I know you have had many students pass through your hands. It might be hard to even
remember my face because all the while you lectured, not once did I speak to you. There
were so many of us. But now, it behoves me to write to you because you have been snatched
away from me and I can no longer speak to you in anyway, no matter how hard I try. I hope
you don’t grow tired reading my letter; I never have been tired of reading your books.

You see the main reason I wrote is to understand the unspoken in your work. My sister once
told my friend, “When Beryl is speaking to you, do not hear what she is saying, listen instead
to what she is not saying.” That day I laughed because I thought she was joking. But with
time, I came to realise that there were times when I was overwhelmed and I could not, in such
situations, open the speech pods in my head and let the words I wished to say come out of my
mouth. It took me a long time to realise that my sister understood me better than anyone else
because when I spoke, she listened to my unspoken words.

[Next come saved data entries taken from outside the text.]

lemma not_nary_reducible_diag_rel:
  assumes small: "\<And>y y'. (y, y') \<in> E \<Longrightarrow> y \<noteq> y' \<Longrightarrow> pfst y = pfst y' \<and> psnd y < n \<and> psnd y' < n"
    and refl: "\<And>y. (y, y) \<in> E" and n: "1 \<le> n"
    and P: "P = diag_injective n \<or> P = (\<lambda>e. \<not> diag_collision n e)"
  shows "\<not> nary_reducible (n + 1) (diag_rel n P) E"
proof
  assume "nary_reducible (n + 1) (diag_rel n P) E"
  then obtain g where g: "\<And>k. k < n + 1 \<Longrightarrow> recfn (n + 1) (g k)"
    and red: "\<And>xs a b. length xs = n + 1 \<Longrightarrow> a < b \<Longrightarrow> b < n + 1 \<Longrightarrow>
      (xs ! a, xs ! b) \<in> diag_rel n P \<longleftrightarrow> (g a xs, g b xs) \<in> E"
    unfolding nary_reducible_def by blast
  have g': "\<And>k. k < Suc n \<Longrightarrow> recfn (Suc n) (g k)"
    using g by simp
  obtain e where e:
    "diag_injective n e \<longleftrightarrow> (\<forall>b\<le>n. \<forall>a<b. g a (diag_input n e) \<noteq> g b (diag_input n e))"
    "diag_collision n e \<longleftrightarrow> \<not> (\<forall>b\<le>n. \<forall>a<b. g a (diag_input n e) \<noteq> g b (diag_input n e))"
    by (rule diag_index[OF g'])
  have len: "length (diag_input n e) = n + 1"
    by (simp add: diag_input_def)
  have entry: "diag_input n e ! k = prod_encode (e, k)" if "k \<le> n" for k
    using that by (simp add: diag_input_def del: upt_Suc)
  show False
  proof (rule diagonal_contradiction[OF small refl n])
    fix a b
    assume ab: "a < b" "b \<le> n"
    have "P e \<longleftrightarrow> (diag_input n e ! a, diag_input n e ! b) \<in> diag_rel n P"
      using ab entry diag_rel_column[OF ab] by simp
    also have "\<dots> \<longleftrightarrow> (g a (diag_input n e), g b (diag_input n e)) \<in> E"
      using ab by (intro red len) simp_all
    finally show "P e \<longleftrightarrow> (g a (diag_input n e), g b (diag_input n e)) \<in> E" .
  next
    from P show "P e \<longleftrightarrow> (\<forall>b\<le>n. \<forall>a<b. g a (diag_input n e) \<noteq> g b (diag_input n e))"
    proof
      assume "P = diag_injective n"
      then show ?thesis using e(1) by simp
    next
      assume "P = (\<lambda>e. \<not> diag_collision n e)"
      then show ?thesis using e(2) by simp
    qed
  qed
qed

section \<open>The computable case\<close>

definition min_eqrel :: "nat \<Rightarrow> (nat \<times> nat) set" where
  "min_eqrel n = {(x, y). min x (n - 1) = min y (n - 1)}"

lemma equiv_min_eqrel: "equiv UNIV (min_eqrel n)"
  unfolding min_eqrel_def by (rule equivI) (auto simp: refl_on_def sym_def trans_def)

lemma rec_pred_min_eqrel: "rec_pred (\<lambda>z. z \<in> prod_encode ` min_eqrel n)"
proof -
  have "min x m = x - (x - m)" for x m :: nat
    by simp
  then show ?thesis
    unfolding prod_encode_image min_eqrel_def by (simp only: mem_Collect_eq case_prod_conv) (intro rec_fun_intros)
qed

lemma rec_pred_Id: "rec_pred (\<lambda>z. z \<in> prod_encode ` Id)"
  unfolding prod_encode_image by (simp, intro rec_fun_intros)

lemma Sigma_Pi_eqrel_0: "equiv UNIV E \<Longrightarrow> rec_pred (\<lambda>z. z \<in> prod_encode ` E) \<Longrightarrow> Sigma_eqrel 0 E \<and> Pi_eqrel 0 E"
  unfolding Sigma_eqrel_def Pi_eqrel_def Pi0_def Sigma0_0_iff using rec_pred_not by fastforce

lemma rec_pred_if_eqrel_0:
  "Sigma_eqrel 0 F \<or> Pi_eqrel 0 F \<Longrightarrow> rec_pred (\<lambda>z. (pfst z, psnd z) \<in> F)"
  unfolding Sigma_eqrel_def Pi_eqrel_def Pi0_def Sigma0_0_iff prod_encode_image
  using rec_pred_not by fastforce
lemma poincare_\<mu>:
  assumes "(\<Sum>i=1..n. y i) = 0"
  shows "\<mu> * dot n y y \<le> dot n y (cyc_lap n y)"
  using cyc_poincare[OF assms] n_pos by (simp add: \<mu>_def field_simps)

lemma poincare_\<mu>_cyc_lap:
  assumes "(\<Sum>i=1..n. y i) = 0"
  shows "\<mu> * dot n y (cyc_lap n y) \<le> dot n (cyc_lap n y) (cyc_lap n y)"
proof -
  define Q where "Q = dot n y (cyc_lap n y)"
  have "Q\<^sup>2 \<le> dot n y y * dot n (cyc_lap n y) (cyc_lap n y)"
    unfolding Q_def by (rule dot_Cauchy_Schwarz)
  also have "\<dots> \<le> Q / \<mu> * dot n (cyc_lap n y) (cyc_lap n y)"
    using poincare_\<mu>[OF assms] \<mu>_pos
    by (intro mult_right_mono dot_self_nonneg) (simp add: Q_def field_simps)
  finally have "\<mu> * Q * Q \<le> Q * dot n (cyc_lap n y) (cyc_lap n y)"
    using \<mu>_pos by (simp add: power2_eq_square field_simps)
  moreover have "Q \<ge> 0" unfolding Q_def by (rule dot_cyc_lap_self_nonneg)
  ultimately show ?thesis
    using dot_self_nonneg[of n "cyc_lap n y"]
    by (cases "Q = 0") (simp_all add: Q_def mult.commute mult.left_commute)
qed

lemma cross_term_bound:
  assumes "(\<Sum>i=1..n. y i) = 0"
  shows "2 * \<epsilon> * \<bar>dot n x y\<bar> \<le> (a * dot n x x + dot n y (cyc_lap n y)) / 2"
proof -
  have "2 * \<bar>dot n x y\<bar> \<le> a / (2 * \<epsilon>) * dot n x x + dot n y y / (a / (2 * \<epsilon>))"
    using a_pos \<epsilon>_pos by (intro dot_Young) simp
  then have "2 * \<epsilon> * \<bar>dot n x y\<bar> \<le> a / 2 * dot n x x + 2 * \<epsilon>\<^sup>2 / a * dot n y y"
    using a_pos \<epsilon>_pos by (simp add: field_simps power2_eq_square)
  moreover have "\<epsilon> * \<epsilon> \<le> \<epsilon> * 1"
    using \<epsilon>_le(1) \<epsilon>_pos by (intro mult_left_mono) auto
  then have "\<epsilon>\<^sup>2 \<le> a * \<mu> / 4"
    using \<epsilon>_le(4) by (simp add: power2_eq_square)
  then have "2 * \<epsilon>\<^sup>2 / a * dot n y y \<le> \<mu> / 2 * dot n y y"
    using a_pos by (intro mult_right_mono dot_self_nonneg) (simp add: field_simps)
  moreover note poincare_\<mu>[OF assms]
  ultimately show ?thesis by simp
qed
lemma log_sum_inequality:
  fixes a p :: "'b \<Rightarrow> real"
  assumes J: "finite J" and a: "\<And>j. j \<in> J \<Longrightarrow> 0 \<le> a j" and p: "\<And>j. j \<in> J \<Longrightarrow> 0 \<le> p j"
  shows "(\<Sum>j\<in>J. a j * p j) * ln (\<Sum>j\<in>J. a j * p j)
           \<le> (\<Sum>j\<in>J. a j * p j) * ln (\<Sum>j\<in>J. a j) + (\<Sum>j\<in>J. a j * (p j * ln (p j)))"
proof -
  define P where "P = (\<Sum>j\<in>J. a j * p j)"
  define R where "R = (\<Sum>j\<in>J. a j)"
  have "0 \<le> P" unfolding P_def using a p by (simp add: sum_nonneg)
  show ?thesis
  proof (cases "P = 0")
    case True
    hence "\<forall>j\<in>J. a j * p j = 0"
      using J a p unfolding P_def by (subst (asm) sum_nonneg_eq_0_iff) auto
    hence "(\<Sum>j\<in>J. a j * (p j * ln (p j))) = 0" by (intro sum.neutral) auto
    thus ?thesis using True by (simp add: P_def[symmetric])
  next
    case False
    hence P: "0 < P" using \<open>0 \<le> P\<close> by simp
    have "R \<noteq> 0"
    proof
      assume "R = 0"
      hence "\<forall>j\<in>J. a j = 0" using J a unfolding R_def by (subst (asm) sum_nonneg_eq_0_iff) auto
      thus False using False by (simp add: P_def)
    qed
    hence R: "0 < R" using a by (simp add: R_def sum_nonneg order_le_neq_trans)
    define y where "y = P / R"
    have y: "0 < y" using P R by (simp add: y_def)
    have "p j * ln y + p j - y \<le> p j * ln (p j)" if "j \<in> J" for j
    proof (cases "p j = 0")
      case True
      thus ?thesis using y by simp
    next
      case False
      hence pj: "0 < p j" using p[OF that] by simp
      have "p j * ln (y / p j) \<le> p j * (y / p j - 1)"
        using pj y by (intro mult_left_mono ln_le_minus_one) auto
      moreover have "p j * ln (y / p j) = p j * ln y - p j * ln (p j)"
        using pj y by (simp add: ln_div right_diff_distrib)
      moreover have "p j * (y / p j - 1) = y - p j" using pj by (simp add: field_simps)
      ultimately show ?thesis by linarith
    qed
    hence "(\<Sum>j\<in>J. a j * (p j * ln y + p j - y)) \<le> (\<Sum>j\<in>J. a j * (p j * ln (p j)))"
      using a by (intro sum_mono mult_left_mono) auto
    also have "(\<Sum>j\<in>J. a j * (p j * ln y + p j - y)) = P * ln y + P - y * R"
      unfolding P_def R_def
      by (simp add: sum.distrib sum_subtractf sum_distrib_left sum_distrib_right algebra_simps)
    also have "\<dots> = P * ln P - P * ln R"
      using P R by (simp add: y_def ln_div algebra_simps)
    finally show ?thesis unfolding P_def[symmetric] R_def[symmetric] by simp
  qed
qed

definition inj_weight :: "('a \<Rightarrow> 'b \<Rightarrow> real) \<Rightarrow> 'a set \<Rightarrow> ('a \<Rightarrow> 'b) \<Rightarrow> real" where
  "inj_weight a I \<sigma> = (\<Prod>i\<in>I. a i (\<sigma> i))"

definition per_on :: "('a \<Rightarrow> 'b \<Rightarrow> real) \<Rightarrow> 'a set \<Rightarrow> 'b set \<Rightarrow> real" where
  "per_on a I J = (\<Sum>\<sigma>\<in>injs I J. inj_weight a I \<sigma>)"

lemma inj_weight_nonneg: "(\<And>i j. 0 \<le> a i j) \<Longrightarrow> 0 \<le> inj_weight a I \<sigma>"
  unfolding inj_weight_def by (intro prod_nonneg) auto

lemma per_on_nonneg: "(\<And>i j. 0 \<le> a i j) \<Longrightarrow> 0 \<le> per_on a I J"
  unfolding per_on_def by (intro sum_nonneg inj_weight_nonneg)

lemma inj_weight_fun_upd:
  assumes "finite I" "i0 \<in> I"
  shows "inj_weight a I (\<tau>(i0 := j)) = a i0 j * inj_weight a (I - {i0}) \<tau>"
  unfolding inj_weight_def using assms by (simp add: prod.remove)

lemma inj_weight_pos_imp_pos:
  assumes "finite I" "\<And>i j. 0 \<le> a i j" "0 < inj_weight a I \<sigma>" "i \<in> I"
  shows "0 < a i (\<sigma> i)"
proof -
  have "a i (\<sigma> i) \<noteq> 0"
  proof
    assume "a i (\<sigma> i) = 0"
    hence "inj_weight a I \<sigma> = 0" unfolding inj_weight_def using assms(1,4) by (intro prod_zero) auto
    thus False using assms(3) by simp
  qed
  thus ?thesis using assms(2)[of i "\<sigma> i"] by simp
qed

lemma per_on_expand:
  assumes "finite I" "finite J" "i0 \<in> I"
  shows "per_on a I J = (\<Sum>j\<in>J. a i0 j * per_on a (I - {i0}) (J - {j}))"
  unfolding per_on_def sum_injs_expand[OF assms] inj_weight_fun_upd[OF assms(1,3)]
  by (simp add: sum_distrib_left)

text \<open>
  Radhakrishnan's average, over orderings of the rows, of the sum over \<open>i\<close> of \<open>ln\<close> of the mass
  of row \<open>i\<close> on the columns \<open>\<sigma> i'\<close> of the rows \<open>i'\<close> not preceding \<open>i\<close>; the mass over a random
  \<open>k\<close>-set of the other rows is replaced by \<open>k / (card I - 1)\<close> times their total.
\<close>
definition ramp_sum :: "('a \<Rightarrow> 'b \<Rightarrow> real) \<Rightarrow> ('a \<Rightarrow> 'b) \<Rightarrow> 'a set \<Rightarrow> real" where
  "ramp_sum a \<sigma> I = (\<Sum>i\<in>I. ln_ramp_mean (card I) (a i (\<sigma> i)) (\<Sum>i'\<in>I - {i}. a i (\<sigma> i')))"

lemma ramp_sum_cong: "(\<And>i. i \<in> I \<Longrightarrow> \<sigma> i = \<sigma>' i) \<Longrightarrow> ramp_sum a \<sigma> I = ramp_sum a \<sigma>' I"
  unfolding ramp_sum_def by (intro sum.cong refl) auto
lemma presented_lift_left_inverse:
  assumes \<phi>: "\<phi> ` X \<subseteq> carrier G" and rel: "\<forall>r\<in>R. r \<in> words X \<longrightarrow> eval_word G \<phi> r = \<one>"
    and \<psi>_carrier: "\<And>q. q \<in> carrier G \<Longrightarrow> \<psi> q \<in> carrier (presented_group X R)"
    and \<psi>_one: "\<psi> \<one> = \<one>\<^bsub>presented_group X R\<^esub>"
    and \<psi>_gen: "\<And>x q. x \<in> X \<Longrightarrow> q \<in> carrier G \<Longrightarrow>
      \<psi> (\<phi> x \<otimes> q) = wclass X R [(x, False)] \<otimes>\<^bsub>presented_group X R\<^esub> \<psi> q"
    and A: "A \<in> carrier (presented_group X R)"
  shows "\<psi> (presented_lift G \<phi> A) = A"
proof -
  have "\<psi> (eval_word G \<phi> w) = wclass X R w" if "w \<in> words X" for w
    using that
  proof (induction w)
    case Nil
    then show ?case
      using \<psi>_one by (simp add: presented_group_one)
  next
    case (Cons l w)
    obtain x e where l: "l = (x, e)"
      by force
    with Cons have x: "x \<in> X" "\<phi> x \<in> carrier G" and w: "w \<in> words X"
      using \<phi> by auto
    have q: "eval_word G \<phi> w \<in> carrier G"
      using \<phi> w by (rule eval_word_closed)
    have letter: "wclass X R [(x, False)] \<in> carrier (presented_group X R)"
      unfolding presented_group_carrier using x by (intro imageI) simp
    have "wclass X R ((x, e) # w) = wclass X R [(x, e)] \<otimes>\<^bsub>presented_group X R\<^esub> wclass X R w"
      using x w presented_group_mult[of "[(x, e)]" X w R] by simp
    then show ?case
      using Cons.IH w x q l \<psi>_gen
        left_mult_compatible_inv[where H = "presented_group X R" and \<psi> = \<psi>,
          OF group_presented_group \<psi>_carrier x(2) letter \<psi>_gen[OF x(1)] q]
      by (cases e) (simp_all add: presented_group_inv)
  qed
  moreover obtain w where "w \<in> words X" "A = wclass X R w"
    using A by auto
  ultimately show ?thesis
    using presented_lift_wclass[OF \<phi> rel] by simp
qed
lemma (in group) inv_image_l_coset:
  assumes H: "subgroup H G" and y: "y \<in> carrier G"
  shows "m_inv G ` (y <# H) = H #> inv y"
proof
  show "m_inv G ` (y <# H) \<subseteq> H #> inv y"
    using H y by (auto simp: l_coset_def r_coset_def inv_mult_group subgroup.mem_carrier
        intro: subgroup.m_inv_closed)
  show "H #> inv y \<subseteq> m_inv G ` (y <# H)"
  proof
    fix z assume "z \<in> H #> inv y"
    then obtain h where h: "h \<in> H" and z: "z = h \<otimes> inv y"
      by (auto simp: r_coset_def)
    have "inv h \<in> H" "h \<in> carrier G"
      using H h by (auto intro: subgroup.m_inv_closed subgroup.mem_carrier)
    then have "z = inv (y \<otimes> inv h)" "y \<otimes> inv h \<in> y <# H"
      using y z by (auto simp: inv_mult_group l_coset_def)
    then show "z \<in> m_inv G ` (y <# H)"
      by blast
  qed
qed

lemma (in group) bij_betw_lcosets_rcosets:
  assumes "subgroup H G"
  shows "bij_betw (\<lambda>C. m_inv G ` C) (lcosets H) (rcosets H)"
proof (rule bij_betwI')
  fix C D assume "C \<in> lcosets H" "D \<in> lcosets H"
  then have "C \<subseteq> carrier G" "D \<subseteq> carrier G"
    using assms subgroup.lcosets_carrier is_group by blast+
  moreover have "m_inv G ` m_inv G ` E = E" if "E \<subseteq> carrier G" for E
    using that by (force simp: image_image)
  ultimately show "(m_inv G ` C = m_inv G ` D) = (C = D)"
    by metis
next
  fix C assume "C \<in> lcosets H"
  then show "m_inv G ` C \<in> rcosets H"
    using inv_image_l_coset[OF assms] by (auto simp: LCOSETS_def RCOSETS_def)
next
  fix D assume "D \<in> rcosets H"
  then obtain z where "z \<in> carrier G" "D = H #> z"
    by (auto simp: RCOSETS_def)
  then show "\<exists>C\<in>lcosets H. D = m_inv G ` C"
    using inv_image_l_coset[OF assms, of "inv z"] by (auto simp: LCOSETS_def)
qed

lemma (in group) inv_index_eq:
  assumes "subgroup H G"
  shows "inv_index G H = (if finite (lcosets H) then 1 / card (lcosets H) else 0)"
  using bij_betw_finite[OF bij_betw_lcosets_rcosets[OF assms]]
    bij_betw_same_card[OF bij_betw_lcosets_rcosets[OF assms]]
  by (simp add: inv_index_def)

lemma (in group) sum_prob_lcosets:
  assumes "subgroup H G" "finite \<C>" "\<C> \<subseteq> lcosets H"
  shows "(\<Sum>C\<in>\<C>. measure_pmf.prob \<mu> C) = measure_pmf.prob \<mu> (\<Union>\<C>)"
proof -
  have "disjoint_family_on id \<C>"
    unfolding disjoint_family_on_def id_def using assms(3) lcos_disjoint[OF assms(1)] by blast
  then show ?thesis
    using measure_pmf.finite_measure_finite_Union[OF assms(2), of id] by simp
qed

lemma (in group) inv_index_close_if_lcosets_close:
  assumes H: "subgroup H G" and supp: "set_pmf \<mu> \<subseteq> carrier G" and "finite (lcosets H)"
    and close: "\<And>D. D \<in> lcosets H \<Longrightarrow> \<bar>measure_pmf.prob \<mu> D - a\<bar> \<le> \<eta>"
  shows "\<bar>a - inv_index G H\<bar> \<le> \<eta>"
proof -
  have "(\<Sum>D\<in>lcosets H. measure_pmf.prob \<mu> D) = measure_pmf.prob \<mu> (carrier G)"
    using sum_prob_lcosets[OF H \<open>finite (lcosets H)\<close>] lcosets_part_G[OF H] by simp
  also have "\<dots> = 1"
    using supp by (subst measure_pmf.prob_eq_1) (auto simp: AE_measure_pmf_iff)
  finally have "\<bar>a - 1 / card (lcosets H)\<bar> \<le> \<eta>"
    using sum_close_eq_one_imp_close_inverse_card[of "lcosets H"] close \<open>finite (lcosets H)\<close>
      lcosets_part_G[OF H] by fastforce
  then show ?thesis
    using inv_index_eq[OF H] \<open>finite (lcosets H)\<close> by simp
qed

lemma (in group) inv_index_close_if_many_lcosets_close:
  assumes H: "subgroup H G" and "finite \<C>" "\<C> \<subseteq> lcosets H" "Suc r \<le> card \<C>"
    and close: "\<And>D. D \<in> \<C> \<Longrightarrow> \<bar>measure_pmf.prob \<mu> D - a\<bar> \<le> \<eta>" and "0 \<le> a" "0 \<le> \<eta>"
  shows "\<bar>a - inv_index G H\<bar> \<le> 1 / Suc r + \<eta>"
proof -
  have "a \<le> 1 / Suc r + \<eta>"
    using sum_le_one_imp_le_inverse_card[where I = \<C> and p = "measure_pmf.prob \<mu>" and n = "Suc r"]
      assms(4) close sum_prob_lcosets[OF assms(1-3)] measure_pmf.prob_le_1
    by simp
  moreover have "inv_index G H \<le> 1 / Suc r"
  proof (cases "finite (lcosets H)")
    case True
    then have "card \<C> \<le> card (lcosets H)"
      using assms(3) by (rule card_mono)
    then show ?thesis
      using True assms(4) inv_index_eq[OF H] by (simp add: frac_le)
  qed (simp add: inv_index_eq[OF H])
  moreover have "0 \<le> inv_index G H"
    by (simp add: inv_index_def)
  ultimately show ?thesis
    unfolding abs_le_iff using assms(6,7) by (intro conjI; linarith)
qed

lemma (in group) prob_coset_ball_close:
  assumes T: "T \<subseteq> carrier G" "m_inv G ` T \<subseteq> T"
    and small: "\<And>t. t \<in> T \<Longrightarrow> transl_dist G t \<mu> \<le> \<delta>" and "0 \<le> \<delta>"
    and C: "C \<subseteq> carrier G"
  shows "D \<in> coset_ball G T C k \<Longrightarrow>
    \<bar>measure_pmf.prob \<mu> D - measure_pmf.prob \<mu> C\<bar> \<le> k * \<delta>"
proof (induction k arbitrary: D)
  case (Suc k)
  have step: "\<bar>measure_pmf.prob \<mu> (t <# E) - measure_pmf.prob \<mu> E\<bar> \<le> \<delta>"
    if "t \<in> T" "E \<in> coset_ball G T C k" for t E
  proof -
    have "t \<in> carrier G" "inv t \<in> T"
      using that T by auto
    moreover have "E \<subseteq> carrier G"
      using coset_ball_subset_carrier[OF T(1) C that(2)] .
    ultimately show ?thesis
      using prob_l_coset_diff_le_transl_dist[of "inv t" E \<mu>] small[of "inv t"] by simp
  qed
  from Suc.prems consider "D \<in> coset_ball G T C k"
    | t E where "t \<in> T" "E \<in> coset_ball G T C k" "D = t <# E"
    by (auto simp del: coset_ball.simps(1))
  then show ?case
  proof cases
    case 1
    then show ?thesis
      using Suc.IH[of D] \<open>0 \<le> \<delta>\<close> by (simp add: distrib_right)
  next
    case 2
    then show ?thesis
      using Suc.IH[of E] step[of t E] by (simp add: distrib_right abs_le_iff)
  qed
qed simp

locale finite_symmetric_generators = group G for G :: "('a, 'b) monoid_scheme" (structure) +
  fixes T :: "'a set"
  assumes gens_subset: "T \<subseteq> carrier G"
    and finite_gens: "finite T"
    and inv_gens_subset: "m_inv G ` T \<subseteq> T"
    and generate_gens: "generate G T = carrier G"

lemma (in group) finite_symmetric_generators_symmetrize:
  assumes "finite S" "S \<subseteq> carrier G" "generate G S = carrier G"
  shows "finite_symmetric_generators G (S \<union> m_inv G ` S)"
proof
  show "S \<union> m_inv G ` S \<subseteq> carrier G" "finite (S \<union> m_inv G ` S)"
    using assms(1,2) by auto
  show "m_inv G ` (S \<union> m_inv G ` S) \<subseteq> S \<union> m_inv G ` S"
    using assms(2) by (auto simp: subsetD)
  have "generate G S \<subseteq> generate G (S \<union> m_inv G ` S)"
    by (rule mono_generate) blast
  then show "generate G (S \<union> m_inv G ` S) = carrier G"
    using assms(3) generate_incl[OF \<open>S \<union> m_inv G ` S \<subseteq> carrier G\<close>] by blast
qed

context finite_symmetric_generators
begin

And so when I sat down to read your books, I heard things that I was afraid would cause my
heart to stop pumping. I looked at the eyes of some of your characters and I couldn’t help
seeing the pain that had sculptured their eye balls. I listened to some of them laugh and my
ears tingled pitifully at the frustration hid in their laughs. When I saw some of them walk in
those pages, all I wanted to do was stretch my hands into the papers and draw them to myself
for a hug. My heart was broken many a times at the mention of food, especially yams. I felt
hollowness in my chest whenever you wrote the word wine. Every instance you described a
ceremony, a deep fear gripped me and small goose bumps formed on my hand. Your work
was just so excellent. I found no fault in the way you captured the emotions, the moments,
and the drama!

Through these, I came to believe that the weight of your statements lay in the words you kept
unwritten. Allow me dear sir, to probe the minds of those who did not speak as much, to
share with you what I saw in their eyes and what I heard in their silence. Those words which
you perhaps did not let them say, the names you did not mention, the emotions you kept at
bay and the floods of visions that you purposely blocked from the world.

And if you will allow me, I will begin from the very beginning, the place where things fall
apart.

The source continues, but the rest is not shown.